#### TASK ITEM
Each line of the material below with the word "unfolding" is to be reported.

#### RECORD SET
+ + + + +
lemma tail_mass_le_of_level_weight:
  assumes b: "b \<ge> 0"
    and bound: "level_weight j \<le> ennreal b"
  shows "uj j powr q * (tail_mass N j / S j) \<le> b powr q"
proof (cases "uj j = 0")
  case False
  then have ujp: "uj j > 0" using uj_nonneg[of j] by simp
  define X where "X = (\<Sum>\<^sub>\<infinity>i\<in>{j..}. ennreal (wj i powr q * S i / S j))"
  have "X \<noteq> top"
  proof
    assume "X = top"
    then have "ennreal (uj j) * enn_powr X (1 / q) = top" using ujp by simp
    then show False using bound unfolding X_def by (simp add: top_unique)
  qed
  then obtain x where x: "X = ennreal x" "x \<ge> 0" by (metis ennreal_cases top.not_eq_extremum)
  have "ennreal (tail_mass N j / S j) = (\<Sum>i\<in>{j..N}. ennreal (wj i powr q * S i / S j))"
    unfolding tail_mass_def using S_nonneg by (simp add: sum_divide_distrib sum_nonneg)
  also have "\<dots> \<le> X" unfolding X_def by (rule sum_le_infsum_ennreal) auto
  finally have "tail_mass N j / S j \<le> x" using x tail_mass_nonneg S_nonneg[of j] by simp
  then have Tx: "uj j powr q * (tail_mass N j / S j) \<le> uj j powr q * x" by (intro mult_left_mono) auto
  have "ennreal (uj j * x powr (1/q)) \<le> ennreal b"
    using bound x uj_nonneg[of j] unfolding X_def[symmetric] by (simp add: enn_powr_ennreal ennreal_mult)
  then have "uj j * x powr (1/q) \<le> b" using b by simp
  then have "(uj j * x powr (1/q)) powr q \<le> b powr q"
    using uj_nonneg[of j] q_gt_1 by (intro powr_mono2) auto
  then have "uj j powr q * x \<le> b powr q"
    using x q_gt_1 by (simp add: powr_mult powr_powr)
  then show ?thesis using Tx by simp
qed simp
+ + + + +
#### COMPLETED EXERCISE
    then show False using bound unfolding X_def by (simp add: top_unique)
    unfolding tail_mass_def using S_nonneg by (simp add: sum_divide_distrib sum_nonneg)
  also have "\<dots> \<le> X" unfolding X_def by (rule sum_le_infsum_ennreal) auto
    using bound x uj_nonneg[of j] unfolding X_def[symmetric] by (simp add: enn_powr_ennreal ennreal_mult)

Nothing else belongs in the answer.